How a drop in retail taxes could pressure counties to hike property taxes
I made a mistake in yesterday’s column and in fixing the mistake, I learned about a new story to consider. VTDigger reported that two-thirds of Vermont’s school spending comes from a fund that is mostly derived from property tax. But a third of it is from retail taxes, room taxes and so on. (Yesterday, I had the percentages backwards.)
When a third of the taxes are affected by months of soft or no sales, we can see problems heading down the tracks for local and state governments, which will have to make up that income somehow or cut spending.
The bigger story here is to start looking at where retail taxes, hotel bed taxes and other non-property taxes go in your community.
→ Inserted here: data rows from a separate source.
lemma Rone_Suc_v:
  assumes "\<not> a - 1 \<le> hdeg n (K, A, k)" and "\<exists>i. int i \<le> n \<and> 0 < K i"
    and "i = (LEAST i. 0 < K i)"
  shows "Rone n (Suc f) a (K, A, k) = concat_opt (map (\<lambda>j. map_option (map (vmul j))
    (Rone n f (a - 2 ^ (i + 1) + 2 ^ (j + 1)) (K(i := K i - 1), A, k))) [Suc i..<nat (n + 1)])"
  using assms by (simp only: Rone.simps if_False if_True Let_def)

lemma Rone_Suc_y:
  assumes "\<not> a - 1 \<le> hdeg n (K, [], k)" and "\<forall>i. int i \<le> n \<longrightarrow> K i = 0"
  shows "Rone n (Suc f) a (K, [], k) = Some [(K, [a], k)]"
proof -
  have "\<not> (\<exists>i. int i \<le> n \<and> 0 < K i)"
    using assms(2) by auto
  with assms show ?thesis
    by (simp only: Rone.simps if_False if_True list.case)
qed

lemma Rone_Suc_admissible:
  assumes "\<not> a - 1 \<le> hdeg n (K, b # A, k)" and "\<forall>i. int i \<le> n \<longrightarrow> K i = 0" and "2 * b \<le> a"
  shows "Rone n (Suc f) a (K, b # A, k) = Some [(K, a # b # A, k)]"
proof -
  have "\<not> (\<exists>i. int i \<le> n \<and> 0 < K i)"
    using assms(2) by auto
  with assms show ?thesis
    by (simp only: Rone.simps if_False if_True list.case)
qed

lemma Rone_Suc_Adem:
  assumes "\<not> a - 1 \<le> hdeg n (K, b # A, k)" and "\<forall>i. int i \<le> n \<longrightarrow> K i = 0" and "\<not> 2 * b \<le> a"
  shows "Rone n (Suc f) a (K, b # A, k) = concat_opt (map (\<lambda>c. if odd (adem_coeff a b c) then
      (case Rone n f c (K, A, k) of None \<Rightarrow> None
        | Some L \<Rightarrow> concat_opt (map (Rone n f (a + b - c)) L))
    else Some []) [a - b + 1 .. a div 2])"
proof -
  have "\<not> (\<exists>i. int i \<le> n \<and> 0 < K i)"
    using assms(2) by auto
  with assms(1,3) show ?thesis
    by (simp only: Rone.simps if_False list.case)
qed

lemma Rone_summand:
  "Rone n f a z = Some L \<Longrightarrow> w \<in> set L \<Longrightarrow> R_summand n a z w"
proof (induction f arbitrary: a z L w)
  case 0
  then show ?case by simp
next
  case (Suc f)
  obtain K A k where z: "z = (K, A, k)"
    by (cases z)
  have Some: "Rone n (Suc f) a (K, A, k) = Some L" and w: "w \<in> set L"
    using Suc.prems z by simp_all
  have stable: "\<not> a - 1 \<le> hdeg n (K, A, k)"
    using Some w Rone_Suc_unstable by fastforce
  have "R_summand n a (K, A, k) w"
  proof (cases "\<exists>i. int i \<le> n \<and> 0 < K i")
    case v: True
    define i where "i = (LEAST i. 0 < K i)"
    obtain j l where "j \<in> set [Suc i..<nat (n + 1)]" and "w \<in> vmul j ` set l"
      and "Rone n f (a - 2 ^ (i + 1) + 2 ^ (j + 1)) (K(i := K i - 1), A, k) = Some l"
      using Some w unfolding Rone_Suc_v[OF stable v i_def] by (auto elim!: in_concat_opt_mapD)
    with least_v_index[OF v, folded i_def] Suc.IH show ?thesis
      by (auto intro: R_v)
  next
    case False
    then have v_free: "\<forall>i. int i \<le> n \<longrightarrow> K i = 0"
      by auto
    show ?thesis
    proof (cases A)
      case Nil
      with stable v_free have "2 ^ (k + 1) \<le> a"
        by (simp add: hdeg_def)
      moreover have "L = [(K, [a], k)]"
        using Some Rone_Suc_y[OF stable[unfolded Nil] v_free] Nil by simp
      ultimately show ?thesis
        using w Nil by (auto intro: R_y)
    next
      case (Cons b A')
      show ?thesis
      proof (cases "2 * b \<le> a")
        case True
        then show ?thesis
          using Some w Rone_Suc_admissible[OF stable[unfolded Cons] v_free True] Cons
          by (auto intro: R_admissible)
      next
        case False
        obtain c L1 u l where "Rone n f c (K, A', k) = Some L1" and "u \<in> set L1"
          and "Rone n f (a + b - c) u = Some l" and "w \<in> set l"
          using Some w unfolding Cons Rone_Suc_Adem[OF stable[unfolded Cons] v_free False]
          by (auto elim!: in_concat_opt_mapD split: if_splits option.splits)
        with Suc.IH show ?thesis
          unfolding Cons by (blast intro: R_Adem)
      qed
    qed
  qed
  then show ?case
    using z by simp
qed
How will all of that affect essential services? And how willing would local governments be to hike property taxes, which are a pillar of local government income?
Why choir practice might be especially dangerous
Here is a story about a Seattle area choir that held a practice in early March. Its members thought they had taken enough precautions, but now dozens of choir members are sick with COVID-19 and two people have died. There is no certain link to the choir practice, but experts say it is likely.
The story says that singers inhale and exhale more powerfully than if you are just talking or breathing, so singers would both take in and exhale the virus with more force.
I am passing this along because I am seeing a fair number of churches that have taken their services online but still offer live music, with singers and band members standing apart. That may not be enough.